Find the emotional heart, track that and don’t be afraid to show what you’re made of. Your story is an anorexic carving out her body so that her tenderest, most vulnerable frame will show. She has an intuitive understanding, a radar, for detecting exactly what she has to do to inspire love, care, nurture, attention. She’s a smart girl. She shivers in the glare of scrutiny, exposed, eager to show you the curves of her bones, all the well-traveled paths to her heart. Her body screams: SEE ME. NOTICE ME. CARE FOR ME. LOVE ME. Your story starves its frame to focus maximum attention on its most tender parts. And you want your audience to feel like concerned teachers and parents and competing anorexics, so moved on seeing it they can’t help but help. You want your audience to feel so sucked in, they’re part of it now. You want your story’s starved drama to be emotionally compelling, and your audience’s response co-dependent.


26
Sep 09

Risk

I think the Ed O’Neill character on “Modern Family” is based on my real dad. He’s engaged to his 29-year-old maid. She’s an evangelist from Brazil. He still pays her to clean the house.
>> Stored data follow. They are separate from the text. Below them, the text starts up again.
lemma cantor_set_subset_unit: "cantor_set \<alpha> \<subseteq> {0..1}"
proof
  fix y assume "y \<in> cantor_set \<alpha>"
  then have "y \<in> (cantor_step \<alpha> ^^ 0) {0..1}" unfolding cantor_set_def by blast
  then show "y \<in> {0..1}" by simp
qed

lemma cantor_set_gap:
  assumes "0 \<le> \<alpha>" "\<alpha> \<le> 1" "y \<in> cantor_set \<alpha>"
  shows "y \<le> \<alpha> \<or> 1 - \<alpha> \<le> y"
proof -
  have "y \<in> (cantor_step \<alpha> ^^ Suc 0) {0..1}"
    using assms(3) unfolding cantor_set_def by blast
  then show ?thesis
    using assms(1,2) mult_left_le[of _ \<alpha>] by (auto simp: cantor_step_def)
qed

lemma baker_inv_y_eq:
  assumes "\<alpha> \<noteq> 0"
  shows "y = \<alpha> * baker_inv_y \<alpha> y + (if y \<le> 1/2 then 0 else 1 - \<alpha>)"
  using assms by (simp add: baker_inv_y_def)

lemma baker_inv_y_cantor_set:
  assumes "0 < \<alpha>" "\<alpha> < 1/2" and y: "y \<in> cantor_set \<alpha>"
  shows "baker_inv_y \<alpha> y \<in> cantor_set \<alpha>"
  unfolding cantor_set_def
proof
  fix n
  have "y \<in> (cantor_step \<alpha> ^^ Suc n) {0..1}"
    using y unfolding cantor_set_def by blast
  then obtain z where z: "z \<in> (cantor_step \<alpha> ^^ n) {0..1}"
    and yz: "y = \<alpha> * z \<or> y = \<alpha> * z + 1 - \<alpha>"
    by (auto simp: cantor_step_def)
  have "0 \<le> \<alpha> * z" "\<alpha> * z \<le> \<alpha>"
    using z cantor_step_iterate_subset[of \<alpha> n] assms mult_left_le[of z \<alpha>] by auto
  with yz assms have "(y \<le> 1/2 \<and> y = \<alpha> * z) \<or> (\<not> y \<le> 1/2 \<and> y = \<alpha> * z + 1 - \<alpha>)"
    by linarith
  with assms have "baker_inv_y \<alpha> y = z"
    unfolding baker_inv_y_def by auto
  with z show "baker_inv_y \<alpha> y \<in> (cantor_step \<alpha> ^^ n) {0..1}" by simp
qed

lemma y_back_0 [simp]: "y_back \<alpha> 0 y = y"
  by (simp add: y_back_def)

lemma y_back_Suc: "y_back \<alpha> (Suc k) y = baker_inv_y \<alpha> (y_back \<alpha> k y)"
  by (simp add: y_back_def)

lemma y_back_cantor_set:
  assumes "0 < \<alpha>" "\<alpha> < 1/2" "y \<in> cantor_set \<alpha>"
  shows "y_back \<alpha> k y \<in> cantor_set \<alpha>"
  by (induction k) (use assms baker_inv_y_cantor_set in \<open>auto simp: y_back_Suc\<close>)

lemma y_back_diff_Suc:
  assumes "\<alpha> \<noteq> 0" and same: "(y_back \<alpha> k y \<le> 1/2) = (y_back \<alpha> k y' \<le> 1/2)"
  shows "y_back \<alpha> k y - y_back \<alpha> k y' = \<alpha> * (y_back \<alpha> (Suc k) y - y_back \<alpha> (Suc k) y')"
  using baker_inv_y_eq[OF assms(1), of "y_back \<alpha> k y"]
    baker_inv_y_eq[OF assms(1), of "y_back \<alpha> k y'"] same
  by (auto simp: y_back_Suc algebra_simps split: if_splits)

lemma y_back_diff_eq_pow_mult:
  assumes "\<alpha> \<noteq> 0" "m \<le> k"
    and same: "\<And>j. m \<le> j \<Longrightarrow> j < k \<Longrightarrow> (y_back \<alpha> j y \<le> 1/2) = (y_back \<alpha> j y' \<le> 1/2)"
  shows "y_back \<alpha> m y - y_back \<alpha> m y' = \<alpha>^(k - m) * (y_back \<alpha> k y - y_back \<alpha> k y')"
  using assms(2)
proof (induction k rule: dec_induct)
  case base
  then show ?case by simp
next
  case (step n)
  then have "y_back \<alpha> m y - y_back \<alpha> m y' = \<alpha>^(n - m) * (y_back \<alpha> n y - y_back \<alpha> n y')"
    by simp
  also have "\<dots> = \<alpha>^(n - m) * \<alpha> * (y_back \<alpha> (Suc n) y - y_back \<alpha> (Suc n) y')"
    using y_back_diff_Suc[OF assms(1) same[of n]] step by simp
  also have "\<alpha>^(n - m) * \<alpha> = \<alpha>^(Suc n - m)"
    using step by (simp add: Suc_diff_le)
  finally show ?case .
qed

lemma y_back_diff_le_one:
  assumes "0 < \<alpha>" "\<alpha> < 1/2" "y \<in> cantor_set \<alpha>" "y' \<in> cantor_set \<alpha>"
  shows "\<bar>y_back \<alpha> k y - y_back \<alpha> k y'\<bar> \<le> 1"
proof -
  have "y_back \<alpha> k y \<in> {0..1}" "y_back \<alpha> k y' \<in> {0..1}"
    using y_back_cantor_set[OF assms(1,2,3), of k] y_back_cantor_set[OF assms(1,2,4), of k]
      cantor_set_subset_unit[of \<alpha>] by blast+
  then show ?thesis by auto
qed

lemma y_back_diff_ge_gap:
  assumes "0 < \<alpha>" "\<alpha> < 1/2" "y \<in> cantor_set \<alpha>" "y' \<in> cantor_set \<alpha>"
    and differ: "(y_back \<alpha> k y \<le> 1/2) \<noteq> (y_back \<alpha> k y' \<le> 1/2)"
  shows "1 - 2 * \<alpha> \<le> \<bar>y_back \<alpha> k y - y_back \<alpha> k y'\<bar>"
  using cantor_set_gap[OF _ _ y_back_cantor_set[OF assms(1,2,3), of k]]
    cantor_set_gap[OF _ _ y_back_cantor_set[OF assms(1,2,4), of k]] assms(1,2) differ
  by (cases "y_back \<alpha> k y \<le> 1/2") auto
This is not the kind of story I would ordinarily tell on the internet, because I’m a private person by nature. But I’ve been thinking a lot about what I want this space to be. And I’ve decided — if I’m going to write about story, I need to fucking tell stories, right?

Story is risk. When you’ve got something to lose, you’ve got a story to tell. When you’ve got something big to lose, you’ve got a big story to tell.

Though on the surface it’s funny, the story of my dad feels raw, acute, and dangerous. Talking about it publicly feels risky. I feel like I have everything to lose — by telling it, I risk being unsafe, insecure, unloved, or exposed. And that’s where this story lives — where the risk is.

Get big, get brave, get risky, or don’t tell stories — because no one gives a shit about the story of how comfortable, complacent and compliant you are.

Story doesn’t grow in the middle of the road. But my dad’s fiancee’s village in Brazil seems to have plenty of poor relations who need new houses (hint hint Dad) where I suspect it thrives.